> EXERCISE
Please quote exactly the lines below from the line containing "0 \<and> semf" to the line containing "a \<and> semw", both lines included, and nothing else.

> INFORMATION
(* There is a constant $c>0$ such that for every $n\ge1$: (i) there is a formula $\phi\in\mathrm{LTL}[\mathsf F]$ with $\mathrm{size}(\phi)\le c\,n$ and $\mathcal L^\omega(\phi)=\mathcal L(\Phi_n)^-\cdot\Sigma^\omega$; and (ii) for every formula $\psi\in\mathsf F(\mathrm{LTL}[\mathsf Y,\mathsf{wY},\mathsf O,\mathsf H])$, if $\mathcal L^\omega(\psi)=\mathcal L(\Phi_n)^-\cdot\Sigma^\omega$ then $\mathrm{size}(\psi)\ge2^n$.
   Context: Fix $n\ge1$ and atomic propositions $AP=\{\tilde p,\tilde q\}\cup\{p_1,\dots,p_n\}\cup\{q_1,\dots,q_n\}$ (distinct), $\Sigma=2^{AP}$. Formulae (negation normal form) are built from literals $p,\neg p$ with $\land,\lor$ and operators $\mathsf X,\mathsf{wX},\mathsf F,\mathsf G,\mathsf Y,\mathsf{wY},\mathsf O,\mathsf H$. Finite-trace semantics on $\sigma\in\Sigma^+$, positions $0\le i<|\sigma|$: $\mathsf X\phi$: $i+1<|\sigma|$ and $\phi$ at $i+1$; $\mathsf{wX}\phi$: $i+1=|\sigma|$ or $\phi$ at $i+1$; $\mathsf F\phi$/$\mathsf G\phi$: $\phi$ at some/every $j$ with $i\le j<|\sigma|$; $\mathsf Y\phi$: $i>0$ and $\phi$ at $i-1$; $\mathsf{wY}\phi$: $i=0$ or $\phi$ at $i-1$; $\mathsf O\phi$/$\mathsf H\phi$: $\phi$ at some/every $0\le j\le i$; $\mathcal L(\phi)=\{\sigma\in\Sigma^+:\sigma,0\models\phi\}$. Infinite-trace semantics on $\sigma\in\Sigma^\omega$, positions $i\in\mathbb N$: same clauses except $\mathsf X\phi$ and $\mathsf{wX}\phi$ both mean $\phi$ at $i+1$, and $\mathsf F\phi$/$\mathsf G\phi$ mean $\phi$ at some/every $j\ge i$; $\mathcal L^\omega(\phi)=\{\sigma\in\Sigma^\omega:\sigma,0\models\phi\}$. Size: literals 1, unary operators add 1, binary connectives sum plus 1. $\mathrm{LTL}[S]$: formulae whose temporal operators are in $S$; $\mathsf F(\mathrm{LTL}[S])$: formulae $\mathsf F(\alpha)$ with $\alpha\in\mathrm{LTL}[S]$. The reverse $\sigma^-$ of $\sigma\in\Sigma^+$ satisfies $|\sigma^-|=|\sigma|$ and $\sigma^-[i]=\sigma[|\sigma|-1-i]$; $\mathcal L^-=\{\sigma^-:\sigma\in\mathcal L\}$; $\mathcal L\cdot\Sigma^\omega=\{\sigma\sigma':\sigma\in\mathcal L,\sigma'\in\Sigma^\omega\}$. $\Phi_n := \mathsf{F}\big(\tilde q\land\bigwedge_{i=1}^n\big((q_i\land\mathsf{O}(\tilde p\land p_i))\lor(\neg q_i\land\mathsf{O}(\tilde p\land\neg p_i))\big)\big)$. *)

theory Defs
  imports Complex_Main
begin

text \<open>Atomic propositions: PT = p-tilde, QT = q-tilde, P i = p_i, Q i = q_i.
  The set AP depends on n; letters of Sigma are subsets of APs n.\<close>
datatype ap = PT | QT | P nat | Q nat

definition APs :: "nat \<Rightarrow> ap set" where
  "APs n = {PT, QT} \<union> P ` {1..n} \<union> Q ` {1..n}"

datatype ltl =
    Pos ap | Neg ap
  | And ltl ltl | Or ltl ltl
  | Nxt ltl | WNxt ltl | Fin ltl | Glob ltl
  | Yest ltl | WYest ltl | Once ltl | Hist ltl

datatype top = TX | TWX | TF | TG | TY | TWY | TO | TH

fun temps :: "ltl \<Rightarrow> top set" where
  "temps (Pos a) = {}"
| "temps (Neg a) = {}"
| "temps (And a b) = temps a \<union> temps b"
| "temps (Or a b) = temps a \<union> temps b"
| "temps (Nxt a) = insert TX (temps a)"
| "temps (WNxt a) = insert TWX (temps a)"
| "temps (Fin a) = insert TF (temps a)"
| "temps (Glob a) = insert TG (temps a)"
| "temps (Yest a) = insert TY (temps a)"
| "temps (WYest a) = insert TWY (temps a)"
| "temps (Once a) = insert TO (temps a)"
| "temps (Hist a) = insert TH (temps a)"

fun atoms :: "ltl \<Rightarrow> ap set" where
  "atoms (Pos a) = {a}"
| "atoms (Neg a) = {a}"
| "atoms (And a b) = atoms a \<union> atoms b"
| "atoms (Or a b) = atoms a \<union> atoms b"
| "atoms (Nxt a) = atoms a"
| "atoms (WNxt a) = atoms a"
| "atoms (Fin a) = atoms a"
| "atoms (Glob a) = atoms a"
| "atoms (Yest a) = atoms a"
| "atoms (WYest a) = atoms a"
| "atoms (Once a) = atoms a"
| "atoms (Hist a) = atoms a"

fun fsize :: "ltl \<Rightarrow> nat" where
  "fsize (Pos a) = 1"
| "fsize (Neg a) = 1"
| "fsize (And a b) = fsize a + fsize b + 1"
| "fsize (Or a b) = fsize a + fsize b + 1"
| "fsize (Nxt a) = fsize a + 1"
| "fsize (WNxt a) = fsize a + 1"
| "fsize (Fin a) = fsize a + 1"
| "fsize (Glob a) = fsize a + 1"
| "fsize (Yest a) = fsize a + 1"
| "fsize (WYest a) = fsize a + 1"
| "fsize (Once a) = fsize a + 1"
| "fsize (Hist a) = fsize a + 1"

fun semf :: "ap set list \<Rightarrow> nat \<Rightarrow> ltl \<Rightarrow> bool" where
  "semf s i (Pos a) = (a \<in> s ! i)"
| "semf s i (Neg a) = (a \<notin> s ! i)"
| "semf s i (And a b) = (semf s i a \<and> semf s i b)"
| "semf s i (Or a b) = (semf s i a \<or> semf s i b)"
| "semf s i (Nxt a) = (i + 1 < length s \<and> semf s (i + 1) a)"
| "semf s i (WNxt a) = (i + 1 = length s \<or> semf s (i + 1) a)"
| "semf s i (Fin a) = (\<exists>j. i \<le> j \<and> j < length s \<and> semf s j a)"
| "semf s i (Glob a) = (\<forall>j. i \<le> j \<and> j < length s \<longrightarrow> semf s j a)"
| "semf s i (Yest a) = (i > 0 \<and> semf s (i - 1) a)"
| "semf s i (WYest a) = (i = 0 \<or> semf s (i - 1) a)"
| "semf s i (Once a) = (\<exists>j\<le>i. semf s j a)"
| "semf s i (Hist a) = (\<forall>j\<le>i. semf s j a)"

fun semw :: "(nat \<Rightarrow> ap set) \<Rightarrow> nat \<Rightarrow> ltl \<Rightarrow> bool" where
  "semw w i (Pos a) = (a \<in> w i)"
| "semw w i (Neg a) = (a \<notin> w i)"
| "semw w i (And a b) = (semw w i a \<and> semw w i b)"
| "semw w i (Or a b) = (semw w i a \<or> semw w i b)"
| "semw w i (Nxt a) = semw w (i + 1) a"
| "semw w i (WNxt a) = semw w (i + 1) a"
| "semw w i (Fin a) = (\<exists>j\<ge>i. semw w j a)"
| "semw w i (Glob a) = (\<forall>j\<ge>i. semw w j a)"
| "semw w i (Yest a) = (i > 0 \<and> semw w (i - 1) a)"
| "semw w i (WYest a) = (i = 0 \<or> semw w (i - 1) a)"
| "semw w i (Once a) = (\<exists>j\<le>i. semw w j a)"
| "semw w i (Hist a) = (\<forall>j\<le>i. semw w j a)"

definition Lf :: "nat \<Rightarrow> ltl \<Rightarrow> ap set list set" where
  "Lf n \<phi> = {s. s \<noteq> [] \<and> set s \<subseteq> Pow (APs n) \<and> semf s 0 \<phi>}"

definition Lw :: "nat \<Rightarrow> ltl \<Rightarrow> (nat \<Rightarrow> ap set) set" where
  "Lw n \<phi> = {w. (\<forall>i. w i \<subseteq> APs n) \<and> semw w 0 \<phi>}"

definition conc_omega :: "nat \<Rightarrow> ap set list set \<Rightarrow> (nat \<Rightarrow> ap set) set" where
  "conc_omega n L = {w. \<exists>s\<in>L. \<exists>w'. (\<forall>i. w' i \<subseteq> APs n) \<and>
       w = (\<lambda>i. if i < length s then s ! i else w' (i - length s))}"

fun bigAnd :: "ltl list \<Rightarrow> ltl" where
  "bigAnd [a] = a"
| "bigAnd (a # as) = And a (bigAnd as)"
| "bigAnd [] = Pos QT" (* never used: n \<ge> 1 *)

definition clause :: "nat \<Rightarrow> ltl" where
  "clause i = Or (And (Pos (Q i)) (Once (And (Pos PT) (Pos (P i)))))
                 (And (Neg (Q i)) (Once (And (Pos PT) (Neg (P i)))))"

definition Phi :: "nat \<Rightarrow> ltl" where
  "Phi n = Fin (And (Pos QT) (bigAnd (map clause [1..<n+1])))"

end

theory Submission
  imports Defs
begin

(* Reversing a finite word turns the past operator O of Phi_n into the future operator F: a word is
   in L(Phi_n)^- . Sigma^omega iff at some q~-position every clause i is witnessed by a later
   p~-position agreeing with it on p_i/q_i. This is Phi_n with O replaced by F, of size 14n + 2.

   For the lower bound let F alpha define this language, alpha pure-past. The truth values of the
   subformulas of alpha at position j + 1 depend only on those at j and on the letter at j + 1.
   Encode a family B of subsets of {1..n} by the word of q~-letters of its members, and probe it by
   appending the p~-letter of a set b: the probed word is in the language iff b is in B, and alpha
   cannot hold before the probe letter since the unprobed word is not in the language. Hence the set
   of subformulas of alpha true at the end of the encoding determines B, which gives
   2^(2^n) <= 2^|subformulas alpha| <= 2^size(alpha). *)

lemma semf_bigAnd: "xs \<noteq> [] \<Longrightarrow> semf s j (bigAnd xs) \<longleftrightarrow> (\<forall>\<phi>\<in>set xs. semf s j \<phi>)"
  by (induction xs rule: bigAnd.induct) auto

lemma semw_bigAnd: "xs \<noteq> [] \<Longrightarrow> semw w j (bigAnd xs) \<longleftrightarrow> (\<forall>\<phi>\<in>set xs. semw w j \<phi>)"
  by (induction xs rule: bigAnd.induct) auto

lemma temps_bigAnd: "xs \<noteq> [] \<Longrightarrow> temps (bigAnd xs) = \<Union>(temps ` set xs)"
  by (induction xs rule: bigAnd.induct) auto

lemma atoms_bigAnd: "xs \<noteq> [] \<Longrightarrow> atoms (bigAnd xs) = \<Union>(atoms ` set xs)"
  by (induction xs rule: bigAnd.induct) auto

lemma fsize_bigAnd: "xs \<noteq> [] \<Longrightarrow> fsize (bigAnd xs) + 1 = (\<Sum>\<phi>\<leftarrow>xs. fsize \<phi> + 1)"
  by (induction xs rule: bigAnd.induct) auto

lemma ex_less_diff_Suc_iff: "(\<exists>j<m. A (m - Suc j)) \<longleftrightarrow> (\<exists>j<m. A j)"
proof
  assume "\<exists>j<m. A (m - Suc j)"
  then show "\<exists>j<m. A j" by (metis diff_Suc_less less_nat_zero_code neq0_conv)
next
  assume "\<exists>j<m. A j"
  then obtain j where "j < m" "A j" by blast
  then have "m - Suc j < m" "A (m - Suc (m - Suc j))" by (simp_all add: Suc_diff_Suc)
  then show "\<exists>j<m. A (m - Suc j)" by blast
qed

lemma conc_omega_eq_prefixes:
  assumes "\<forall>s\<in>L. set s \<subseteq> Pow (APs n)"
  shows "conc_omega n L = {w. (\<forall>i. w i \<subseteq> APs n) \<and> (\<exists>N. map w [0..<N] \<in> L)}"
proof (intro set_eqI iffI)
  fix w assume "w \<in> conc_omega n L"
  then obtain s w' where s: "s \<in> L" and w': "\<forall>i. w' i \<subseteq> APs n"
    and w: "w = (\<lambda>i. if i < length s then s ! i else w' (i - length s))"
    unfolding conc_omega_def by blast
  have "map w [0..<length s] = s"
    unfolding w by (rule nth_equalityI) simp_all
  moreover have "w i \<subseteq> APs n" for i
  proof (cases "i < length s")
    case True
    then have "s ! i \<subseteq> APs n" using assms s nth_mem[OF True] by blast
    then show ?thesis unfolding w using True by simp
  qed (use w' in \<open>simp add: w\<close>)
  ultimately show "w \<in> {w. (\<forall>i. w i \<subseteq> APs n) \<and> (\<exists>N. map w [0..<N] \<in> L)}"
    using s by (auto intro!: exI[of _ "length s"])
next
  fix w assume "w \<in> {w. (\<forall>i. w i \<subseteq> APs n) \<and> (\<exists>N. map w [0..<N] \<in> L)}"
  then obtain N where N: "\<forall>i. w i \<subseteq> APs n" "map w [0..<N] \<in> L" by blast
  have "w = (\<lambda>i. if i < length (map w [0..<N]) then map w [0..<N] ! i
      else (\<lambda>m. w (m + N)) (i - length (map w [0..<N])))"
    by (simp add: fun_eq_iff)
  then show "w \<in> conc_omega n L"
    unfolding conc_omega_def
    by (intro CollectI bexI[OF _ N(2)] exI[of _ "\<lambda>m. w (m + N)"] conjI) (use N(1) in auto)
qed

definition matched :: "nat \<Rightarrow> ap set \<Rightarrow> ap set set \<Rightarrow> bool" where
  "matched n u V \<longleftrightarrow> QT \<in> u \<and> (\<forall>i\<in>{1..n}. \<exists>v\<in>V. PT \<in> v \<and> (P i \<in> v \<longleftrightarrow> Q i \<in> u))"

definition future_match_lang :: "nat \<Rightarrow> (nat \<Rightarrow> ap set) set" where
  "future_match_lang n = {w. (\<forall>i. w i \<subseteq> APs n) \<and> (\<exists>j. matched n (w j) (w ` {j..}))}"

lemma matched_mono: "matched n u V \<Longrightarrow> V \<subseteq> V' \<Longrightarrow> matched n u V'"
  unfolding matched_def by blast

lemma matched_bounded:
  fixes w :: "nat \<Rightarrow> ap set"
  assumes "matched n u (w ` {j..})"
  obtains N where "j < N" "matched n u (w ` {j..<N})"
proof -
  have "\<forall>i\<in>{1..n}. \<exists>k\<ge>j. PT \<in> w k \<and> (P i \<in> w k \<longleftrightarrow> Q i \<in> u)"
    using assms unfolding matched_def by auto
  then obtain K where K: "\<forall>i\<in>{1..n}. K i \<ge> j \<and> PT \<in> w (K i) \<and> (P i \<in> w (K i) \<longleftrightarrow> Q i \<in> u)"
    by metis
  define N where "N = Suc (Max (insert j (K ` {1..n})))"
  have "j < N" and KN: "\<forall>i\<in>{1..n}. K i < N"
    unfolding N_def by (auto simp: le_max_iff_disj intro!: le_imp_less_Suc disjI2 Max_ge)
  have "matched n u (w ` {j..<N})"
    using assms K KN unfolding matched_def by fastforce
  with \<open>j < N\<close> show ?thesis by (rule that)
qed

> RESPONSE BELOW
| "semf s i (Yest a) = (i > 0 \<and> semf s (i - 1) a)"
| "semf s i (WYest a) = (i = 0 \<or> semf s (i - 1) a)"
| "semf s i (Once a) = (\<exists>j\<le>i. semf s j a)"
| "semf s i (Hist a) = (\<forall>j\<le>i. semf s j a)"

fun semw :: "(nat \<Rightarrow> ap set) \<Rightarrow> nat \<Rightarrow> ltl \<Rightarrow> bool" where
  "semw w i (Pos a) = (a \<in> w i)"
| "semw w i (Neg a) = (a \<notin> w i)"
| "semw w i (And a b) = (semw w i a \<and> semw w i b)"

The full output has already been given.